What this task involves — Reproduce the records below exactly, but only between the lines holding "(\<exists>cs :: (real" and "text \<open>A (possibly", inclusive.

Provided information —
(* Let $V$ be a finite set and for each $v\in V$ let $P_v(x)$ be a Bernstein polynomial in $n$ variables. Fix a domain $S\subseteq[0,1]^n$. If $\sum_{v\in V}P_v(x)>0$ for all $x\in S$, then there exists a Bernoulli factory with output set $V$ which terminates almost surely on $S$ and, for every $x\in S$, outputs $v$ with probability $P_v(x)/\sum_{v'\in V}P_{v'}(x)$.
   Context: A Bernstein monomial is $\prod_{i=1}^n x_i^{a_i}(1-x_i)^{b_i}$ with nonnegative integers $a_i,b_i$; a Bernstein polynomial is a finite combination $\sum_j c_jM_j(x)$ of Bernstein monomials with positive coefficients $c_j$. A Bernoulli factory with output set $V$ (for inputs $x\in[0,1]^n$) is a (possibly infinite) rooted binary tree whose internal nodes are labeled by an index $i\in[n]$ or a known constant $c\in(0,1)$ and whose leaves are labeled by elements of $V$; on input $x$ one walks from the root, at a node labeled $i$ flipping a fresh independent coin that is $1$ with probability $x_i$, at a node labeled $c$ a fresh coin of bias $c$, following the edge labeled by the outcome, and outputs the label of the leaf reached; $\mathcal{F}(x)$ is the output ($\emptyset$ if no leaf is reached). It terminates almost surely on $S$ if $\Pr[\mathcal{F}(x)=\emptyset]=0$ for all $x\in S$. *)

theory Defs
  imports "HOL-Analysis.Analysis"
begin

definition bernstein_monomial :: "nat \<Rightarrow> (nat \<Rightarrow> nat) \<Rightarrow> (nat \<Rightarrow> nat) \<Rightarrow> (nat \<Rightarrow> real) \<Rightarrow> real" where
  "bernstein_monomial n a b x = (\<Prod>i<n. x i ^ a i * (1 - x i) ^ b i)"

definition is_bernstein_poly :: "nat \<Rightarrow> ((nat \<Rightarrow> real) \<Rightarrow> real) \<Rightarrow> bool" where
  "is_bernstein_poly n P \<longleftrightarrow>
     (\<exists>cs :: (real \<times> (nat \<Rightarrow> nat) \<times> (nat \<Rightarrow> nat)) list.
        (\<forall>(c, a, b) \<in> set cs. c > 0) \<and>
        (\<forall>x. P x = (\<Sum>(c, a, b) \<leftarrow> cs. c * bernstein_monomial n a b x)))"

datatype 'v node = Coin nat | Const real | Leaf 'v

fun is_leaf :: "'v node \<Rightarrow> bool" where
  "is_leaf (Leaf _) = True"
| "is_leaf _ = False"

text \<open>A (possibly infinite) rooted binary tree is given by its labelling of positions
  (finite bit strings, the root being []); position p @ [b] is the child of p along the
  edge labelled by the coin outcome b (True = 1). Only positions reached from the root
  through internal nodes matter.\<close>
type_synonym 'v factory = "bool list \<Rightarrow> 'v node"

definition well_formed_factory :: "nat \<Rightarrow> 'v set \<Rightarrow> 'v factory \<Rightarrow> bool" where
  "well_formed_factory n V T \<longleftrightarrow>
     (\<forall>p. case T p of Coin i \<Rightarrow> i < n | Const c \<Rightarrow> 0 < c \<and> c < 1 | Leaf v \<Rightarrow> v \<in> V)"

definition reachable :: "'v factory \<Rightarrow> bool list \<Rightarrow> bool" where
  "reachable T p \<longleftrightarrow> (\<forall>k < length p. \<not> is_leaf (T (take k p)))"

fun edge_prob :: "(nat \<Rightarrow> real) \<Rightarrow> 'v node \<Rightarrow> bool \<Rightarrow> real" where
  "edge_prob x (Coin i) b = (if b then x i else 1 - x i)"
| "edge_prob x (Const c) b = (if b then c else 1 - c)"
| "edge_prob x (Leaf _) b = 0"

definition path_prob :: "(nat \<Rightarrow> real) \<Rightarrow> 'v factory \<Rightarrow> bool list \<Rightarrow> real" where
  "path_prob x T p = (\<Prod>k < length p. edge_prob x (T (take k p)) (p ! k))"

definition leaves_with :: "'v factory \<Rightarrow> 'v \<Rightarrow> bool list set" where
  "leaves_with T v = {p. reachable T p \<and> T p = Leaf v}"

definition reached_leaves :: "'v factory \<Rightarrow> bool list set" where
  "reached_leaves T = {p. reachable T p \<and> is_leaf (T p)}"

definition outputs_with_prob :: "'v factory \<Rightarrow> (nat \<Rightarrow> real) \<Rightarrow> 'v \<Rightarrow> real \<Rightarrow> bool" where
  "outputs_with_prob T x v r \<longleftrightarrow> (path_prob x T has_sum r) (leaves_with T v)"

text \<open>Almost-sure termination on S: Pr[F(x) = empty] = 0, i.e. the probability of
  reaching some leaf is 1.\<close>
definition terminates_as_on :: "'v factory \<Rightarrow> (nat \<Rightarrow> real) set \<Rightarrow> bool" where
  "terminates_as_on T S \<longleftrightarrow> (\<forall>x\<in>S. (path_prob x T has_sum 1) (reached_leaves T))"

end

theory Submission
  imports Defs
begin
(* Let $\mathcal E=(\mathcal E_t)_{t>0}$ be a product system and let $u=(u_t)_{t>0}$ be a normalized unit of $\mathcal E$. Then the set $A^{\mathcal E}_u$ of all additive units of $u$ is a Hilbert space under pointwise addition and scalar multiplication and the inner product $\langle a,b\rangle:=\langle a_1,b_1\rangle_{\mathcal E_1}$, and the set $R^{\mathcal E}_u$ of all roots of $u$ is a closed subspace of $A^{\mathcal E}_u$ of co-dimension one.
   Context: A product system (of Hilbert spaces, in the sense of Arveson) is a measurable family $(\mathcal E_t)_{t>0}$ of separable Hilbert spaces with an associative multiplication $\mathcal E_s\times\mathcal E_t\to\mathcal E_{s+t}$, $(a,b)\mapsto ab$, such that $\langle ab,a'b'\rangle=\langle a,a'\rangle\langle b,b'\rangle$ and $\mathcal E_{s+t}=\overline{\mathrm{span}}\,\mathcal E_s\mathcal E_t$ (so $a\otimes b\mapsto ab$ is a unitary $\mathcal E_s\otimes\mathcal E_t\cong\mathcal E_{s+t}$), with the usual measurability requirements. A unit is a measurable section $(u_t)_{t>0}$ of nonzero vectors $u_t\in\mathcal E_t$ with $u_{s+t}=u_su_t$ for all $s,t>0$; it is normalized if $\|u_t\|=1$ for all $t$. An additive unit of a unit $u$ is a measurable section $(a_t)_{t>0}$, $a_t\in\mathcal E_t$, with $a_{s+t}=a_su_t+u_sa_t$ for all $s,t>0$. A root of $u$ is an additive unit $a$ of $u$ with $\langle a_t,u_t\rangle=0$ for all $t>0$. *)

theory Defs
  imports "HOL-Analysis.Analysis"
begin

text \<open>Every separable Hilbert space is isometric to a closed subspace of l2(N).
  We realise each fibre of a product system as a closed subspace of l2(N),
  whose vectors are represented as functions nat => complex.\<close>

type_synonym l2vec = "nat \<Rightarrow> complex"

definition l2 :: "l2vec set" where
  "l2 = {x. summable (\<lambda>n. (cmod (x n))\<^sup>2)}"

definition l2_inner :: "l2vec \<Rightarrow> l2vec \<Rightarrow> complex" where
  "l2_inner x y = (\<Sum>n. x n * cnj (y n))"

definition l2_norm :: "l2vec \<Rightarrow> real" where
  "l2_norm x = sqrt (\<Sum>n. (cmod (x n))\<^sup>2)"

definition l2_add :: "l2vec \<Rightarrow> l2vec \<Rightarrow> l2vec" where
  "l2_add x y = (\<lambda>n. x n + y n)"

definition l2_scale :: "complex \<Rightarrow> l2vec \<Rightarrow> l2vec" where
  "l2_scale c x = (\<lambda>n. c * x n)"

definition l2_zero :: l2vec where
  "l2_zero = (\<lambda>n. 0)"

definition l2_diff :: "l2vec \<Rightarrow> l2vec \<Rightarrow> l2vec" where
  "l2_diff x y = (\<lambda>n. x n - y n)"

definition l2_closed_subspace :: "l2vec set \<Rightarrow> bool" where
  "l2_closed_subspace S \<longleftrightarrow>
     S \<subseteq> l2 \<and> l2_zero \<in> S \<and>
     (\<forall>x\<in>S. \<forall>y\<in>S. l2_add x y \<in> S) \<and>
     (\<forall>c. \<forall>x\<in>S. l2_scale c x \<in> S) \<and>
     (\<forall>X x. (\<forall>k. X k \<in> S) \<and> x \<in> l2 \<and>
            (\<lambda>k. l2_norm (l2_diff (X k) x)) \<longlonglongrightarrow> 0 \<longrightarrow> x \<in> S)"

definition l2_span_dense :: "l2vec set \<Rightarrow> l2vec set \<Rightarrow> bool" where
  "l2_span_dense G S \<longleftrightarrow>
     (\<forall>z\<in>S. \<forall>\<epsilon>>0. \<exists>(m::nat) (c::nat \<Rightarrow> complex) g.
        (\<forall>i<m. g i \<in> G) \<and>
        l2_norm (\<lambda>k. z k - (\<Sum>i<m. c i * g i k)) < \<epsilon>)"

text \<open>A section of the family \<open>E\<close> is a map \<open>f\<close> with \<open>f t \<in> E t\<close> for \<open>t > 0\<close>;
  it is measurable if all its coordinates are Borel functions on (0,oo)
  (weak = Borel measurability in the separable space l2(N)).\<close>
definition meas_section :: "(real \<Rightarrow> l2vec set) \<Rightarrow> (real \<Rightarrow> l2vec) \<Rightarrow> bool" where
  "meas_section E f \<longleftrightarrow>
     (\<forall>t>0. f t \<in> E t) \<and>
     (\<forall>n. (\<lambda>t. f t n) \<in> borel_measurable (restrict_space borel {0<..}))"

text \<open>\<open>pm s t x y\<close> is the product \<open>x y \<in> E (s+t)\<close> of \<open>x \<in> E s\<close> and \<open>y \<in> E t\<close>.\<close>
definition product_system ::
  "(real \<Rightarrow> l2vec set) \<Rightarrow> (real \<Rightarrow> real \<Rightarrow> l2vec \<Rightarrow> l2vec \<Rightarrow> l2vec) \<Rightarrow> bool" where
  "product_system E pm \<longleftrightarrow>
     (\<forall>t>0. l2_closed_subspace (E t)) \<and>
     (\<forall>s>0. \<forall>t>0. \<forall>x\<in>E s. \<forall>y\<in>E t. pm s t x y \<in> E (s + t)) \<and>
     (\<forall>r>0. \<forall>s>0. \<forall>t>0. \<forall>x\<in>E r. \<forall>y\<in>E s. \<forall>z\<in>E t.
        pm (r + s) t (pm r s x y) z = pm r (s + t) x (pm s t y z)) \<and>
     (\<forall>s>0. \<forall>t>0. \<forall>x\<in>E s. \<forall>x'\<in>E s. \<forall>y\<in>E t. \<forall>y'\<in>E t.
        l2_inner (pm s t x y) (pm s t x' y') = l2_inner x x' * l2_inner y y') \<and>
     (\<forall>s>0. \<forall>t>0. l2_span_dense {pm s t x y |x y. x \<in> E s \<and> y \<in> E t} (E (s + t))) \<and>
     \<comment> \<open>measurability: a fundamental sequence of measurable sections \<dots>\<close>
     (\<exists>\<xi>::nat \<Rightarrow> real \<Rightarrow> l2vec. (\<forall>k. meas_section E (\<xi> k)) \<and>
        (\<forall>t>0. l2_span_dense (range (\<lambda>k. \<xi> k t)) (E t))) \<and>
     \<comment> \<open>\<dots> and jointly measurable multiplication\<close>
     (\<forall>x y. meas_section E x \<and> meas_section E y \<longrightarrow>
        (\<forall>n. (\<lambda>(s, t). pm s t (x s) (y t) n)
               \<in> borel_measurable (restrict_space borel ({0<..} \<times> {0<..}))))"

definition ps_unit ::
  "(real \<Rightarrow> l2vec set) \<Rightarrow> (real \<Rightarrow> real \<Rightarrow> l2vec \<Rightarrow> l2vec \<Rightarrow> l2vec) \<Rightarrow> (real \<Rightarrow> l2vec) \<Rightarrow> bool" where
  "ps_unit E pm u \<longleftrightarrow>
     meas_section E u \<and> (\<forall>t>0. u t \<noteq> l2_zero) \<and>
     (\<forall>s>0. \<forall>t>0. u (s + t) = pm s t (u s) (u t))"

definition normalized_unit ::
  "(real \<Rightarrow> l2vec set) \<Rightarrow> (real \<Rightarrow> real \<Rightarrow> l2vec \<Rightarrow> l2vec \<Rightarrow> l2vec) \<Rightarrow> (real \<Rightarrow> l2vec) \<Rightarrow> bool" where
  "normalized_unit E pm u \<longleftrightarrow> ps_unit E pm u \<and> (\<forall>t>0. l2_norm (u t) = 1)"

text \<open>Sections are only defined on (0,oo); to identify them as functions we
  normalise them to be \<open>0\<close> for \<open>t \<le> 0\<close>.\<close>
definition additive_unit ::
  "(real \<Rightarrow> l2vec set) \<Rightarrow> (real \<Rightarrow> real \<Rightarrow> l2vec \<Rightarrow> l2vec \<Rightarrow> l2vec) \<Rightarrow> (real \<Rightarrow> l2vec)
     \<Rightarrow> (real \<Rightarrow> l2vec) \<Rightarrow> bool" where
  "additive_unit E pm u a \<longleftrightarrow>
     meas_section E a \<and> (\<forall>t\<le>0. a t = l2_zero) \<and>
     (\<forall>s>0. \<forall>t>0. a (s + t) = l2_add (pm s t (a s) (u t)) (pm s t (u s) (a t)))"

definition root ::
  "(real \<Rightarrow> l2vec set) \<Rightarrow> (real \<Rightarrow> real \<Rightarrow> l2vec \<Rightarrow> l2vec \<Rightarrow> l2vec) \<Rightarrow> (real \<Rightarrow> l2vec)
     \<Rightarrow> (real \<Rightarrow> l2vec) \<Rightarrow> bool" where
  "root E pm u a \<longleftrightarrow> additive_unit E pm u a \<and> (\<forall>t>0. l2_inner (a t) (u t) = 0)"

definition add_units where "add_units E pm u = {a. additive_unit E pm u a}"
definition roots where "roots E pm u = {a. root E pm u a}"

definition sec_add :: "(real \<Rightarrow> l2vec) \<Rightarrow> (real \<Rightarrow> l2vec) \<Rightarrow> real \<Rightarrow> l2vec" where
  "sec_add a b = (\<lambda>t. l2_add (a t) (b t))"
definition sec_scale :: "complex \<Rightarrow> (real \<Rightarrow> l2vec) \<Rightarrow> real \<Rightarrow> l2vec" where
  "sec_scale c a = (\<lambda>t. l2_scale c (a t))"
definition sec_zero :: "real \<Rightarrow> l2vec" where
  "sec_zero = (\<lambda>t. l2_zero)"
definition sec_inner :: "(real \<Rightarrow> l2vec) \<Rightarrow> (real \<Rightarrow> l2vec) \<Rightarrow> complex" where
  "sec_inner a b = l2_inner (a 1) (b 1)"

Response area —
     (\<exists>cs :: (real \<times> (nat \<Rightarrow> nat) \<times> (nat \<Rightarrow> nat)) list.
        (\<forall>(c, a, b) \<in> set cs. c > 0) \<and>
        (\<forall>x. P x = (\<Sum>(c, a, b) \<leftarrow> cs. c * bernstein_monomial n a b x)))"

datatype 'v node = Coin nat | Const real | Leaf 'v

fun is_leaf :: "'v node \<Rightarrow> bool" where
  "is_leaf (Leaf _) = True"
| "is_leaf _ = False"

text \<open>A (possibly infinite) rooted binary tree is given by its labelling of positions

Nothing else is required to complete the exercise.